Младший же их брат – Денис Балконский – находился в ту пору далеко – за семью морями, за семью горами. Он, гвардейский полковник, состоял в адъютантах при нашем генералиссимусе Александре Васильевиче Суворове. Письмо своей сестре он написал на полковом барабане, под свист турецких пуль и уханье английских ядер с английских фрегатов и линейных кораблей. Катишь же Безносова была той – «сахарной» – московской барышней, что так разрумянилась от бутурлинского взгляда и его конногвардейского хохота.
Знал бы шутник Бутурлин, какую роковую роль сыграет во всей нашей истории эта смущенная московская «сахарная» барышня, вернее – ее письмо, – то, думаю, назвал бы ее не сахарной, а..!

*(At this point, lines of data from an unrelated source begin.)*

(* Let $Y,\widehat{Y},A$ be $\{0,1\}$-valued random variables on a common probability space, with $\Pr\{A=a,Y=y\}>0$ for all $a,y\in\{0,1\}$. For $a\in\{0,1\}$ let $P_a(\widehat{Y})=\mathrm{convhull}\{(0,0),\gamma_a(\widehat{Y}),\gamma_a(1-\widehat{Y}),(1,1)\}\subseteq\mathbb{R}^2$. Then: (i) every predictor $\widetilde{Y}$ derived from $(\widehat{Y},A)$ satisfies $\gamma_a(\widetilde{Y})\in P_a(\widehat{Y})$ for all $a\in\{0,1\}$; and (ii) conversely, for any points $g_0\in P_0(\widehat{Y})$ and $g_1\in P_1(\widehat{Y})$ there exists a predictor $\widetilde{Y}$ derived from $(\widehat{Y},A)$ with $\gamma_0(\widetilde{Y})=g_0$ and $\gamma_1(\widetilde{Y})=g_1$.
   Context: For a $\{0,1\}$-valued predictor $Z$ and $a\in\{0,1\}$, $\gamma_a(Z)=\left(\Pr\{Z=1\mid A=a,Y=0\},\ \Pr\{Z=1\mid A=a,Y=1\}\right)$ (false positive rate and true positive rate within the group $A=a$). A predictor $\widetilde{Y}\in\{0,1\}$ is derived from $(\widehat{Y},A)$ if it is a possibly randomized function of $(\widehat{Y},A)$ alone, with the randomization independent of everything else; equivalently it is specified by the four numbers $\Pr\{\widetilde{Y}=1\mid \widehat{Y}=\hat y,A=a\}\in[0,1]$, $\hat y,a\in\{0,1\}$. *)

theory Defs
  imports "HOL-Analysis.Analysis" "HOL-Probability.Probability"
begin

text \<open>Values in {0,1} are encoded as bool (True = 1). The joint law of the
  triple (A, Y, Yhat) is a pmf on bool \<times> bool \<times> bool.\<close>

definition cond_prob :: "'w pmf \<Rightarrow> ('w \<Rightarrow> bool) \<Rightarrow> ('w \<Rightarrow> bool) \<Rightarrow> real" where
  "cond_prob M P Q =
     measure_pmf.prob M {w. P w \<and> Q w} / measure_pmf.prob M {w. Q w}"

definition gamma :: "'w pmf \<Rightarrow> ('w \<Rightarrow> bool) \<Rightarrow> ('w \<Rightarrow> bool) \<Rightarrow> ('w \<Rightarrow> bool) \<Rightarrow> bool \<Rightarrow> real \<times> real" where
  "gamma M A Y Z a =
     (cond_prob M Z (\<lambda>w. A w = a \<and> \<not> Y w), cond_prob M Z (\<lambda>w. A w = a \<and> Y w))"

definition varA :: "bool \<times> bool \<times> bool \<Rightarrow> bool" where "varA w = fst w"
definition varY :: "bool \<times> bool \<times> bool \<Rightarrow> bool" where "varY w = fst (snd w)"
definition varYh :: "bool \<times> bool \<times> bool \<Rightarrow> bool" where "varYh w = snd (snd w)"

text \<open>A derived predictor is given by t yh a = Pr{Ytilde=1 | Yhat=yh, A=a}, with
  independent randomization. Its joint law with (A, Y, Yhat) is the following pmf
  on quadruples (A, Y, Yhat, Ytilde).\<close>
definition derived_joint :: "(bool \<times> bool \<times> bool) pmf \<Rightarrow> (bool \<Rightarrow> bool \<Rightarrow> real)
     \<Rightarrow> (bool \<times> bool \<times> bool \<times> bool) pmf" where
  "derived_joint p t =
     bind_pmf p (\<lambda>(a, y, yh). map_pmf (\<lambda>z. (a, y, yh, z)) (bernoulli_pmf (t yh a)))"

definition dA :: "bool \<times> bool \<times> bool \<times> bool \<Rightarrow> bool" where "dA w = fst w"
definition dY :: "bool \<times> bool \<times> bool \<times> bool \<Rightarrow> bool" where "dY w = fst (snd w)"
definition dYt :: "bool \<times> bool \<times> bool \<times> bool \<Rightarrow> bool" where "dYt w = snd (snd (snd w))"

definition polyP :: "(bool \<times> bool \<times> bool) pmf \<Rightarrow> bool \<Rightarrow> (real \<times> real) set" where
  "polyP p a = convex hull {(0, 0), gamma p varA varY varYh a,
                            gamma p varA varY (\<lambda>w. \<not> varYh w) a, (1, 1)}"

end

theory Submission
  imports Defs
begin

text \<open>Within the group A = a the derived predictor outputs 1 with probability t(1, a) when
  Yhat = 1 and t(0, a) when Yhat = 0, independently of Y; so its rates are
  gamma_a(Ytilde) = t(1, a) gamma_a(Yhat) + t(0, a) gamma_a(1 - Yhat), and (t(0, a), t(1, a)) ranges
  over the unit square independently for the two groups. Since gamma_a(Yhat) + gamma_a(1 - Yhat) = (1, 1),
  the points (0, 0), gamma_a(Yhat), gamma_a(1 - Yhat), (1, 1) span a parallelogram, and P_a(Yhat) is
  exactly the image of the unit square under (s, r) \<mapsto> s gamma_a(Yhat) + r gamma_a(1 - Yhat).\<close>

lemma pmf_derived_joint:
  assumes "0 \<le> t yh a" "t yh a \<le> 1"
  shows "pmf (derived_joint p t) (a, y, yh, z) = pmf p (a, y, yh) * (if z then t yh a else 1 - t yh a)"
proof -
  have fiber: "pmf (case w of (a', y', yh') \<Rightarrow> map_pmf (\<lambda>z. (a', y', yh', z)) (bernoulli_pmf (t yh' a')))
        (a, y, yh, z) * pmf p w =
      (if w = (a, y, yh) then pmf (bernoulli_pmf (t yh a)) z * pmf p w else 0)" for w
  proof (cases "w = (a, y, yh)")
    case True
    have "pmf (map_pmf (\<lambda>z. (a, y, yh, z)) (bernoulli_pmf (t yh a))) (a, y, yh, z) =
        pmf (bernoulli_pmf (t yh a)) z"
      by (rule pmf_map_inj') (simp add: inj_def)
    with True show ?thesis by simp
  qed (auto intro!: pmf_map_outside split: prod.split)
  have "pmf (derived_joint p t) (a, y, yh, z) =
      (\<Sum>w\<in>UNIV. if w = (a, y, yh) then pmf (bernoulli_pmf (t yh a)) z * pmf p w else 0)"
    unfolding derived_joint_def pmf_bind
    by (subst integral_measure_pmf_real[where A = UNIV]) (simp_all only: fiber UNIV_I finite)
  then show ?thesis
    using assms by (simp add: mult.commute)
qed

lemma convex_hull_parallelogram:
  fixes G H :: "'a::real_vector"
  shows "convex hull {0, G, H, G + H} = {s *\<^sub>R G + r *\<^sub>R H | s r. s \<in> {0..1} \<and> r \<in> {0..1}}"
    (is "_ = ?Q")
proof
  have "convex ?Q"
  proof (rule convexI)
    fix a b and u v :: real
    assume "a \<in> ?Q" "b \<in> ?Q" and uv: "0 \<le> u" "0 \<le> v" "u + v = 1"
    then obtain s r s' r' where sr: "s \<in> {0..1}" "r \<in> {0..1}" "s' \<in> {0..1}" "r' \<in> {0..1}"
      and ab: "a = s *\<^sub>R G + r *\<^sub>R H" "b = s' *\<^sub>R G + r' *\<^sub>R H" by blast
    have "u *\<^sub>R a + v *\<^sub>R b = (u * s + v * s') *\<^sub>R G + (u * r + v * r') *\<^sub>R H"
      by (simp add: ab algebra_simps)
    moreover have "u * s + v * s' \<in> {0..1}" "u * r + v * r' \<in> {0..1}"
      using sr uv by (auto intro: convex_bound_le)
    ultimately show "u *\<^sub>R a + v *\<^sub>R b \<in> ?Q" by blast
  qed
  moreover have "{0, G, H, G + H} \<subseteq> ?Q"
  proof -
    have "0 = 0 *\<^sub>R G + 0 *\<^sub>R H" "G = 1 *\<^sub>R G + 0 *\<^sub>R H"
      "H = 0 *\<^sub>R G + 1 *\<^sub>R H" "G + H = 1 *\<^sub>R G + 1 *\<^sub>R H"
      by simp_all
    then show ?thesis by fastforce
  qed
  ultimately show "convex hull {0, G, H, G + H} \<subseteq> ?Q"
    by (simp add: hull_minimal)
next
  show "?Q \<subseteq> convex hull {0, G, H, G + H}"
  proof
    fix x assume "x \<in> ?Q"
    then obtain s r where s: "0 \<le> s" "s \<le> 1" and r: "0 \<le> r" "r \<le> 1"
      and x: "x = s *\<^sub>R G + r *\<^sub>R H" by auto
    \<comment> \<open>The parallelogram is the union of the triangles {0, G, G + H} and {0, H, G + H}.\<close>
    show "x \<in> convex hull {0, G, H, G + H}"
    proof (cases "r \<le> s")
      case True
      have "x = (1 - s) *\<^sub>R 0 + (s - r) *\<^sub>R G + r *\<^sub>R (G + H)"
        by (simp add: x algebra_simps)
      then have "x \<in> convex hull {0, G, G + H}"
        unfolding convex_hull_3
        by (intro CollectI exI[of _ "1 - s"] exI[of _ "s - r"] exI[of _ r]) (use s r True in auto)
      then show ?thesis by (rule rev_subsetD) (rule hull_mono, auto)
    next
      case False
      have "x = (1 - r) *\<^sub>R 0 + (r - s) *\<^sub>R H + s *\<^sub>R (G + H)"
        by (simp add: x algebra_simps)
      then have "x \<in> convex hull {0, H, G + H}"
        unfolding convex_hull_3
        by (intro CollectI exI[of _ "1 - r"] exI[of _ "r - s"] exI[of _ s]) (use s r False in auto)
      then show ?thesis by (rule rev_subsetD) (rule hull_mono, auto)
    qed
  qed
qed

lemma prob_cell:
  "measure_pmf.prob p {w. varA w = a \<and> varY w = y} = pmf p (a, y, True) + pmf p (a, y, False)"
proof -
  have "{w. varA w = a \<and> varY w = y} = {(a, y, True), (a, y, False)}"
    by (auto simp: varA_def varY_def)
  then show ?thesis
    by (simp add: measure_measure_pmf_finite)
qed

lemma cond_prob_varYh:
  "cond_prob p (\<lambda>w. varYh w = b) (\<lambda>w. varA w = a \<and> varY w = y) =
     pmf p (a, y, b) / measure_pmf.prob p {w. varA w = a \<and> varY w = y}"
proof -
  have "{w. varYh w = b \<and> varA w = a \<and> varY w = y} = {(a, y, b)}"
    by (auto simp: varA_def varY_def varYh_def)
  then show ?thesis
    by (simp add: cond_prob_def measure_pmf_single)
qed

lemma cond_prob_derived_joint:
  assumes "\<And>yh. 0 \<le> t yh a \<and> t yh a \<le> 1"
  shows "cond_prob (derived_joint p t) dYt (\<lambda>w. dA w = a \<and> dY w = y) =
     (t True a * pmf p (a, y, True) + t False a * pmf p (a, y, False)) /
     measure_pmf.prob p {w. varA w = a \<and> varY w = y}"
proof -
  have "{w. dYt w \<and> dA w = a \<and> dY w = y} = {(a, y, True, True), (a, y, False, True)}"
    by (auto simp: dA_def dY_def dYt_def)
  moreover have "{w. dA w = a \<and> dY w = y} =
      {(a, y, True, True), (a, y, False, True), (a, y, True, False), (a, y, False, False)}"
    by (auto simp: dA_def dY_def dYt_def)
  ultimately show ?thesis
    using assms
    by (simp add: cond_prob_def prob_cell measure_measure_pmf_finite pmf_derived_joint algebra_simps)
qed

lemma gamma_derived_joint:
  assumes "\<And>yh. 0 \<le> t yh a \<and> t yh a \<le> 1"
  shows "gamma (derived_joint p t) dA dY dYt a =
     t True a *\<^sub>R gamma p varA varY varYh a + t False a *\<^sub>R gamma p varA varY (\<lambda>w. \<not> varYh w) a"
  using cond_prob_derived_joint[of t a p False] cond_prob_derived_joint[of t a p True] assms
    cond_prob_varYh[of p True a False] cond_prob_varYh[of p True a True]
    cond_prob_varYh[of p False a False] cond_prob_varYh[of p False a True]
  by (simp add: gamma_def add_divide_distrib)

lemma gamma_varYh_add_complement:
  assumes "\<And>y. measure_pmf.prob p {w. varA w = a \<and> varY w = y} > 0"
  shows "gamma p varA varY varYh a + gamma p varA varY (\<lambda>w. \<not> varYh w) a = (1, 1)"
  using cond_prob_varYh[of p True a False] cond_prob_varYh[of p True a True]
    cond_prob_varYh[of p False a False] cond_prob_varYh[of p False a True]
    prob_cell[of p a False] prob_cell[of p a True] assms[of False] assms[of True]
  by (simp add: gamma_def add_divide_distrib[symmetric])

lemma polyP_eq_parallelogram:
  assumes "\<And>y. measure_pmf.prob p {w. varA w = a \<and> varY w = y} > 0"
  shows "polyP p a = {s *\<^sub>R gamma p varA varY varYh a + r *\<^sub>R gamma p varA varY (\<lambda>w. \<not> varYh w) a
                      | s r. s \<in> {0..1} \<and> r \<in> {0..1}}"
proof -
  have "polyP p a = convex hull {0, gamma p varA varY varYh a, gamma p varA varY (\<lambda>w. \<not> varYh w) a,
      gamma p varA varY varYh a + gamma p varA varY (\<lambda>w. \<not> varYh w) a}"
    by (simp add: polyP_def gamma_varYh_add_complement[OF assms] zero_prod_def)
  then show ?thesis
    by (simp only: convex_hull_parallelogram)
qed

theorem lemma4p3:
  fixes p :: "(bool \<times> bool \<times> bool) pmf"
  assumes pos: "\<And>a y. measure_pmf.prob p {w. varA w = a \<and> varY w = y} > 0"
  shows "(\<forall>t. (\<forall>yh a. 0 \<le> t yh a \<and> t yh a \<le> 1) \<longrightarrow>
            (\<forall>a. gamma (derived_joint p t) dA dY dYt a \<in> polyP p a))
       \<and> (\<forall>g0 g1. g0 \<in> polyP p False \<and> g1 \<in> polyP p True \<longrightarrow>
            (\<exists>t. (\<forall>yh a. 0 \<le> t yh a \<and> t yh a \<le> 1) \<and>
                 gamma (derived_joint p t) dA dY dYt False = g0 \<and>
                 gamma (derived_joint p t) dA dY dYt True = g1))"
proof (intro conjI allI impI)
  fix t :: "bool \<Rightarrow> bool \<Rightarrow> real" and a
  assume "\<forall>yh a. 0 \<le> t yh a \<and> t yh a \<le> 1"
  then show "gamma (derived_joint p t) dA dY dYt a \<in> polyP p a"
    by (auto simp: polyP_eq_parallelogram pos gamma_derived_joint)
next
  fix g0 g1
  assume "g0 \<in> polyP p False \<and> g1 \<in> polyP p True"
  then have "\<forall>a. \<exists>s r. s \<in> {0..1} \<and> r \<in> {0..1} \<and>
      (if a then g1 else g0) = s *\<^sub>R gamma p varA varY varYh a + r *\<^sub>R gamma p varA varY (\<lambda>w. \<not> varYh w) a"
    using polyP_eq_parallelogram[OF pos] by auto
  then obtain s r where sr: "\<And>a. s a \<in> {0..1} \<and> r a \<in> {0..1} \<and>
      (if a then g1 else g0) = s a *\<^sub>R gamma p varA varY varYh a + r a *\<^sub>R gamma p varA varY (\<lambda>w. \<not> varYh w) a"
    by metis
  define t where "t yh a = (if yh then s a else r a)" for yh a
  have t: "\<And>yh a. 0 \<le> t yh a \<and> t yh a \<le> 1"
    using sr by (simp add: t_def)
  have "gamma (derived_joint p t) dA dY dYt a = (if a then g1 else g0)" for a
    using sr[of a] by (simp add: gamma_derived_joint t t_def)
  with t show "\<exists>t. (\<forall>yh a. 0 \<le> t yh a \<and> t yh a \<le> 1) \<and>
      gamma (derived_joint p t) dA dY dYt False = g0 \<and> gamma (derived_joint p t) dA dY dYt True = g1"
    by (metis (full_types))
qed

end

Впрочем, что гадать? Лучше давайте прочтем, что написала Катишь Безносова свой подруге Марии Балконской. Письмо писано по-французски (привожу его перевод).
Chéеr et excellente amie, guelle chse terrible et efrayante gue l`absence![2]2
Милый и бесценный друг, какая страшная и ужасная вещь разлука!
[Закрыть]Прости, Мари, что не сразу отвечаю на твое письмо. И вовсе не потому, что сержусь на тебя и ревную к твоей новой подруге. Ничуть, Мари! Дай вам Бог любить друг друга, как любила я тебя – и до сих пор люблю. Просто московские события столь невероятны, что все с ума посходили.
Не скрою, что и я была некоторым образом втянута в вихрь этих событий! А началось все с того, что в Москву приехал генерал Саблуков. Приехал не один, приехал со своими красавчиками конногвардейцами. И представь, Мари! Надо было такому случиться, что первая, кто дала отпор этим конногвардейцам, была наша Lissi, давшая уроки тебе и мне истинной любви лесбийской!
Не люблю лесбиянок. Даже фонетически это слово на обезьяну похоже. Рифмуется уж точно: лесбиянок – обезьянок. А Лизи помните – тощую английскую селедку?
Но на этом эти лошадиные красавцы не унялись. Нет-нет, эти конногвардейцы для своих проказ выбирают определенного сорта женщин. Ты меня понимаешь, Мари, о каких женщинах я говорю. Назовем их для приличия – лошадками их мужского ипподрома.
В подробности очередной их «скачки» входить не буду. Скажу только, что главного их скакуна – штабс-ротмистра Бутурлина – наш генерал-губернатор Ростопчин выдворил из Москвы. Но выдворил не только его одного! Угадай, кто еще был выдворен?
Догадалась?
Разумеется, вместе с ним выдворен был князь Андрей Ростов!
Я всегда считала этого князя глубоко порочным. Просто повода не было свою порочность показать. Не с милой же нашей сельской пастушкой – Парашей – свою лошадиную сущность выказывать? Француженок для этого Бог создал! Одну такую… князь с собой прихватил. Говорят, он ее у Бутурлина на пари выиграл. С ней в свое поместье и отбыл. Вот уж старый князь Ростов позабавится.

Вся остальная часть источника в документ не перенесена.